>>>

(* Let $n\ge 3$. For any word $w(A,B)\in\mathbb F_2=\langle A,B\rangle$, the kernel $\operatorname{Ker}(\Theta_n^w)$ contains a subgroup isomorphic to the free group of rank $2$.
   Context: For $n\ge 2$, the flat virtual braid group $FVB_n$ is the group with generators $\sigma_1,\dots,\sigma_{n-1},\rho_1,\dots,\rho_{n-1}$ and defining relations: $\sigma_i^2=1$, $\rho_i^2=1$ for $1\le i\le n-1$; $\sigma_i\sigma_{i+1}\sigma_i=\sigma_{i+1}\sigma_i\sigma_{i+1}$, $\rho_i\rho_{i+1}\rho_i=\rho_{i+1}\rho_i\rho_{i+1}$ and $\rho_i\rho_{i+1}\sigma_i=\sigma_{i+1}\rho_i\rho_{i+1}$ for $1\le i\le n-2$; $\sigma_i\sigma_j=\sigma_j\sigma_i$, $\rho_i\rho_j=\rho_j\rho_i$ and $\rho_i\sigma_j=\sigma_j\rho_i$ for $|i-j|\ge 2$. $\mathbb F_{2n}$ is the free group on $x_1,\dots,x_n,y_1,\dots,y_n$; automorphisms compose left to right, $(\varphi\psi)(f)=\psi(\varphi(f))$; generators not mentioned are fixed. For $w(A,B)\in\mathbb F_2$, $\Theta_n^w\colon FVB_n\to\mathrm{Aut}(\mathbb F_{2n})$ is the homomorphism given by $\Theta_n^w(\sigma_i): x_i\mapsto x_{i+1}w(y_i,y_{i+1}),\ x_{i+1}\mapsto x_i w(y_i,y_{i+1})^{-1}$ and $\Theta_n^w(\rho_i): x_i\mapsto x_{i+1},\ x_{i+1}\mapsto x_i,\ y_i\mapsto y_{i+1},\ y_{i+1}\mapsto y_i$. *)

theory Defs
  imports "HOL-Algebra.Algebra"
begin

text \<open>A letter is a pair (generator, sign); sign True means the generator,
  sign False its inverse.\<close>

type_synonym 'a fword = "('a \<times> bool) list"

fun red_cons :: "'a \<times> bool \<Rightarrow> 'a fword \<Rightarrow> 'a fword" where
  "red_cons a [] = [a]"
| "red_cons a (b # bs) =
     (if fst a = fst b \<and> snd a \<noteq> snd b then bs else a # b # bs)"

definition reduce :: "'a fword \<Rightarrow> 'a fword" where
  "reduce ws = foldr red_cons ws []"

fun reduced :: "'a fword \<Rightarrow> bool" where
  "reduced [] = True"
| "reduced [a] = True"
| "reduced (a # b # bs) =
     (\<not> (fst a = fst b \<and> snd a \<noteq> snd b) \<and> reduced (b # bs))"

definition inv_w :: "'a fword \<Rightarrow> 'a fword" where
  "inv_w ws = rev (map (\<lambda>(a, e). (a, \<not> e)) ws)"

definition free_grp :: "'a set \<Rightarrow> 'a fword monoid" where
  "free_grp S = \<lparr> carrier = {ws. reduced ws \<and> fst ` set ws \<subseteq> S},
                  monoid.mult = (\<lambda>x y. reduce (x @ y)),
                  monoid.one = [] \<rparr>"

definition ext :: "('a \<Rightarrow> 'b fword) \<Rightarrow> 'a fword \<Rightarrow> 'b fword" where
  "ext f ws = reduce (concat (map (\<lambda>(a, e). if e then f a else inv_w (f a)) ws))"

text \<open>Generators of F_{2n}: (False, i) is x_i and (True, i) is y_i, for 1 \<le> i \<le> n.
  Elements of F_2 = <A,B>: letter False is A, letter True is B.\<close>

definition F2n :: "nat \<Rightarrow> (bool \<times> nat) fword monoid" where
  "F2n n = free_grp (UNIV \<times> {1..n})"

<<<

▸ **Problem to work on**
Return the lines above exactly, keeping every word.

▸ **Task output**
(* Let $n\ge 3$. For any word $w(A,B)\in\mathbb F_2=\langle A,B\rangle$, the kernel $\operatorname{Ker}(\Theta_n^w)$ contains a subgroup isomorphic to the free group of rank $2$.
   Context: For $n\ge 2$, the flat virtual braid group $FVB_n$ is the group with generators $\sigma_1,\dots,\sigma_{n-1},\rho_1,\dots,\rho_{n-1}$ and defining relations: $\sigma_i^2=1$, $\rho_i^2=1$ for $1\le i\le n-1$; $\sigma_i\sigma_{i+1}\sigma_i=\sigma_{i+1}\sigma_i\sigma_{i+1}$, $\rho_i\rho_{i+1}\rho_i=\rho_{i+1}\rho_i\rho_{i+1}$ and $\rho_i\rho_{i+1}\sigma_i=\sigma_{i+1}\rho_i\rho_{i+1}$ for $1\le i\le n-2$; $\sigma_i\sigma_j=\sigma_j\sigma_i$, $\rho_i\rho_j=\rho_j\rho_i$ and $\rho_i\sigma_j=\sigma_j\rho_i$ for $|i-j|\ge 2$. $\mathbb F_{2n}$ is the free group on $x_1,\dots,x_n,y_1,\dots,y_n$; automorphisms compose left to right, $(\varphi\psi)(f)=\psi(\varphi(f))$; generators not mentioned are fixed. For $w(A,B)\in\mathbb F_2$, $\Theta_n^w\colon FVB_n\to\mathrm{Aut}(\mathbb F_{2n})$ is the homomorphism given by $\Theta_n^w(\sigma_i): x_i\mapsto x_{i+1}w(y_i,y_{i+1}),\ x_{i+1}\mapsto x_i w(y_i,y_{i+1})^{-1}$ and $\Theta_n^w(\rho_i): x_i\mapsto x_{i+1},\ x_{i+1}\mapsto x_i,\ y_i\mapsto y_{i+1},\ y_{i+1}\mapsto y_i$. *)

theory Defs
  imports "HOL-Algebra.Algebra"
begin

text \<open>A letter is a pair (generator, sign); sign True means the generator,
  sign False its inverse.\<close>

type_synonym 'a fword = "('a \<times> bool) list"

fun red_cons :: "'a \<times> bool \<Rightarrow> 'a fword \<Rightarrow> 'a fword" where
  "red_cons a [] = [a]"
| "red_cons a (b # bs) =
     (if fst a = fst b \<and> snd a \<noteq> snd b then bs else a # b # bs)"

definition reduce :: "'a fword \<Rightarrow> 'a fword" where
  "reduce ws = foldr red_cons ws []"

fun reduced :: "'a fword \<Rightarrow> bool" where
  "reduced [] = True"
| "reduced [a] = True"
| "reduced (a # b # bs) =
     (\<not> (fst a = fst b \<and> snd a \<noteq> snd b) \<and> reduced (b # bs))"

definition inv_w :: "'a fword \<Rightarrow> 'a fword" where
  "inv_w ws = rev (map (\<lambda>(a, e). (a, \<not> e)) ws)"

definition free_grp :: "'a set \<Rightarrow> 'a fword monoid" where
  "free_grp S = \<lparr> carrier = {ws. reduced ws \<and> fst ` set ws \<subseteq> S},
                  monoid.mult = (\<lambda>x y. reduce (x @ y)),
                  monoid.one = [] \<rparr>"

definition ext :: "('a \<Rightarrow> 'b fword) \<Rightarrow> 'a fword \<Rightarrow> 'b fword" where
  "ext f ws = reduce (concat (map (\<lambda>(a, e). if e then f a else inv_w (f a)) ws))"

text \<open>Generators of F_{2n}: (False, i) is x_i and (True, i) is y_i, for 1 \<le> i \<le> n.
  Elements of F_2 = <A,B>: letter False is A, letter True is B.\<close>

definition F2n :: "nat \<Rightarrow> (bool \<times> nat) fword monoid" where
  "F2n n = free_grp (UNIV \<times> {1..n})"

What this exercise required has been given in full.